Confused yet? Don’t worry.
Simply put, the purpose of the formula is to reimburse the community proportionately to the community’s contributions to the separate house. Some key things to take away from this is that the formula only provides for reimbursement for contributions to principal, not interest. As you probably know, mortgage payments at first are mostly interest and reduce very little principal on the loan. This means that in most cases the reimbursement to the community will grow much larger over time as more payments are made and as those payments are increasingly applied to principal. Another take away is that the community will not benefit from all of the increases in value of the house due to an increasing market. Nor will the community necessarily receive dollar for dollar reimbursement for improvements made to the house, such as redoing the kitchen.
Perhaps the most important thing to think about is that the reimbursement is to the marital community, not the non-owner spouse. What does this mean? It means that the community–both parties–gets reimbursed for contributions of which the non-owner spouse will only get half. So, for example, if the community should be reimbursed $10,000.00 for contributions to principal during the marriage, then the non-owner spouse only gets $5,000.00 while the owner spouse gets to keep the house.

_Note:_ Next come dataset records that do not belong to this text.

lemma hermitian_pauli_coeff:
  assumes "hermitian h"
  shows "hermitian (pauli_coeff h \<beta>)"
proof (unfold hermitian_def, intro allI)
  fix i j
  have swap: "cnj (h$(j,r)$(i,s)) * pauli \<beta> $ r $ s = h$(i,s)$(j,r) * cnj (pauli \<beta> $ s $ r)" for r s
    using hermitian_entry_swap[OF assms, of "(i,s)" "(j,r)"] hermitian_entry_swap[OF pauli_hermitian, of \<beta> s r]
    by simp
  have "cnj (pauli_coeff h \<beta> $ j $ i) = (\<Sum>r\<in>UNIV. \<Sum>s\<in>UNIV. h$(i,s)$(j,r) * cnj (pauli \<beta> $ s $ r)) / 2"
    by (simp add: pauli_coeff_def cnj_sum swap)
  also have "\<dots> = pauli_coeff h \<beta> $ i $ j"
    unfolding pauli_coeff_def vec_lambda_beta by (subst sum.swap) (rule refl)
  finally show "pauli_coeff h \<beta> $ i $ j = cnj (pauli_coeff h \<beta> $ j $ i)"
    by simp
qed

lemma spectral_gap_pauli_coeff_less:
  assumes "\<not> gapped h \<eta>" and "\<beta> < 4"
  shows "spectral_gap (pauli_coeff h \<beta>) < \<eta>"
  using assms pauli_decomposition[of h] unfolding gapped_def by (meson not_less)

The overall point is that a spouse who signs a disclaimer deed (or used community funds to pay on the other spouse’s separate property owned prior to marriage) can obtain some equitable relief in divorce and there is a formula for reimbursement. There is plenty of discovery that needs to be conducted to prove the extent of a community lien. If you find yourself in a situation where you signed a disclaimer deed or paid on your spouse’s separate property during the marriage, you should consult with an Arizona divorce lawyer for advice and get an idea as to where you stand when it comes time to divide property.